The finished product. I know, we're pretty awesome.




Pandora's pretty green ribbon.



I'm not pointing at myself, I'm memorizing my course :)




And this pretty much sums up McKinna's attitude for the entire day.


She was nice and calm...during warmup.

Oh McKinna, the things you put up with.



So there you have it!

Saturday, October 18, 2008

Well, you win some...

And you lose some.

Today, overall, kind of sucked. Well, until I got home at 4:30 and got to chill in my sweatpants for the rest of the evening.

Went to a schooling show today, which meant leaving the house at 6:30 which is never fun. Add this to staying up late last night to finish the costume.
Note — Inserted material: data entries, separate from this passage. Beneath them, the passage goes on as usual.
lemma qchoose_absorb:
  assumes x: "0 < x"
  shows "qint x (Suc k) * qchoose x n (Suc k) = qint x (n - k) * qchoose x n k"
proof (cases "k < n")
  case True
  then obtain m where n: "n = Suc k + m"
    using less_iff_Suc_add by blast
  have "qfact x k > 0" "qfact x m > 0" "qint x (Suc k) > 0" "qint x (Suc m) > 0"
    using qfact_pos qint_pos x by auto
  then show ?thesis
    using n by (simp add: qchoose_def qbinom_def qfact_Suc Suc_diff_le field_simps)
qed (auto simp: qchoose_def)

lemma qchoose_step_identity:
  fixes q :: real
  assumes q: "0 < q"
  defines "x \<equiv> q^2"
  shows "q^(2*j+1) * qint q (2*l+1) * qchoose x (Suc N) (Suc j) + qint q (2*N+1) * qchoose x N j
       = qint q 2 * qint x (l+j+1) * qchoose x N j
         + q^(2*j+1) * qint q (2*(l+j+1)+1) * qchoose x N (Suc j)"
proof (cases "j \<le> N")
  case False
  then show ?thesis
    by (simp add: qchoose_eq_0)
next
  case True
  then obtain m where N: "N = j + m"
    using le_Suc_ex by blast
  have x: "0 < x"
    using q by (simp add: x_def)
  define A where "A = qchoose x N j"
  define C where "C = qchoose x N (Suc j)"
  have pascal: "qchoose x (Suc N) (Suc j) = C + q^(2*m) * A"
    using qchoose_Suc_Suc[OF x, of N j] N by (simp add: A_def C_def x_def power_mult)
  have absorb: "qint q (2*j+2) * C = qint q (2*m) * A"
  proof -
    have "qint q (2*j+2) * C = qint q 2 * (qint x (Suc j) * C)"
      using qint_even[of q "Suc j"] by (simp add: x_def)
    also have "\<dots> = qint q (2*m) * A"
      using qchoose_absorb[OF x, of j N] N qint_even[of q m] by (simp add: A_def C_def x_def)
    finally show ?thesis .
  qed
  have even_k: "qint q 2 * qint x (l+j+1) = qint q (2*(l+j+1))"
    by (simp only: x_def qint_even)
  have "qint q (2*j+2) * (q^(2*j+1) * qint q (2*l+1) * qchoose x (Suc N) (Suc j)
          + qint q (2*N+1) * qchoose x N j)
      = A * (q^(2*j+1) * qint q (2*l+1) * (qint q (2*m) + q^(2*m) * qint q (2*j+2))
          + qint q (2*m+2*j+1) * qint q (2*j+2))"
    unfolding pascal A_def[symmetric] using absorb N by (simp add: algebra_simps)
  also have "\<dots> = A * (qint q (2*(l+j+1)) * qint q (2*j+2)
          + q^(2*j+1) * qint q (2*(l+j+1)+1) * qint q (2*m))"
    by (simp only: qint_product_identity)
  also have "\<dots> = qint q (2*j+2) * (qint q 2 * qint x (l+j+1) * qchoose x N j
          + q^(2*j+1) * qint q (2*(l+j+1)+1) * qchoose x N (Suc j))"
    unfolding even_k A_def[symmetric] C_def[symmetric] using absorb by (simp add: algebra_simps)
  finally show ?thesis
    using qint_pos[OF q, of "2*j+2"] by simp
qed

section \<open>Expansion of \<open>S_B\<close> along the flag Eulerian recurrence\<close>

definition qweight :: "real \<Rightarrow> nat \<Rightarrow> nat \<Rightarrow> real" where
  "qweight q k l = q powi (int k * (int k - 2 * int l))"

lemma qweight_Suc_Suc:
  assumes "0 < q"
  shows "qweight q (Suc k) (Suc l) * q^(2*l+1) = qweight q k l"
proof -
  have "qweight q (Suc k) (Suc l) * q^(2*l+1)
      = q powi (int (Suc k) * (int (Suc k) - 2 * int (Suc l))) * q powi int (2*l+1)"
    unfolding qweight_def power_int_of_nat ..
  also have "\<dots> = q powi (int (Suc k) * (int (Suc k) - 2 * int (Suc l)) + int (2*l+1))"
    by (rule power_int_add[symmetric]) (use assms in simp)
  also have "\<dots> = qweight q k l"
    unfolding qweight_def by (simp add: algebra_simps)
  finally show ?thesis .
qed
Pandora, actually, was great. I did two trot-a-pole hunter classes; placed sixth in the first one, first in the second one. The first trip was nervous, bit-chewing, counter-bending, pole-whacking nonsense, but the second trip was fairly relaxed and steady, so I was proud of her. She got to spend the rest of the day eating her hay and then proceeding to eat McKinna's hay.

McKinna, on the other hand, took issue with that arena and would. not. settle. down. For those of you who read Mugwump's stories -- you know how she describes Sonita at shows? A bundle of energy wanting to explode in any direction, so tight she feels like a rubber band about to snap, wide-eyed with nervous energy? Yup. That was McKinna in that arena trying to jump.

The first round at 2' was terrible, and I am usually pretty forgiving of slightly bad rounds. We had a refusal, ended up trotting into almost every fence, I had to haul her to a halt when she tried to take off with me...just badness. Before the 2'6" class we warmed up in the arena and she still wouldn't settle down, even just trying to get her to walk or trot in a relaxed manner. She was running sideways, head as high as it could go, refusing to walk, totally ignoring my aids. So, I told the judge I wanted to just do a schooling round. I went in, jumped a few lines (much more under control than the first round, but still thundering around like a bat outta hell), trotted for a minute, and called it good.

It was weird and extremely out of character for her. She hasn't been that crazy with me in forever! I don't know what was going on, but I just chalked it up to experience and we headed back to the trailer to decompress and get ready for the costume class.

We looked - in my humble opinion - AWESOME.

A face-armor plate, shiny silver, molded perfectly across her head. I had a mask, complete with Batman's sharp ears and frowning eyebrows. The bat symbol blazed on my chest, and below was my silver bat-belt. My cape swooshed with every step. McKinna was swathed in a silver-trimmed black sheet that covered everything but the seat of my saddle, with a giant shining bat-symbol on her haunch.

We were wicked cool.

And we tied for fourth (out of four) in the costume class.

I mean, SERIOUSLY?

We lost to the Great Wall of China (a horse in a sheet with paper plates sewn all to it with a girl dressed in a Chinese outfit -- okay, cool idea, but still) and a rather simple Headless Horseman (who I think got second because it was a little kid on leadline). Okay, really, I don't go into these things to win, I promise. But after putting all that effort into such a badass costume I get last place?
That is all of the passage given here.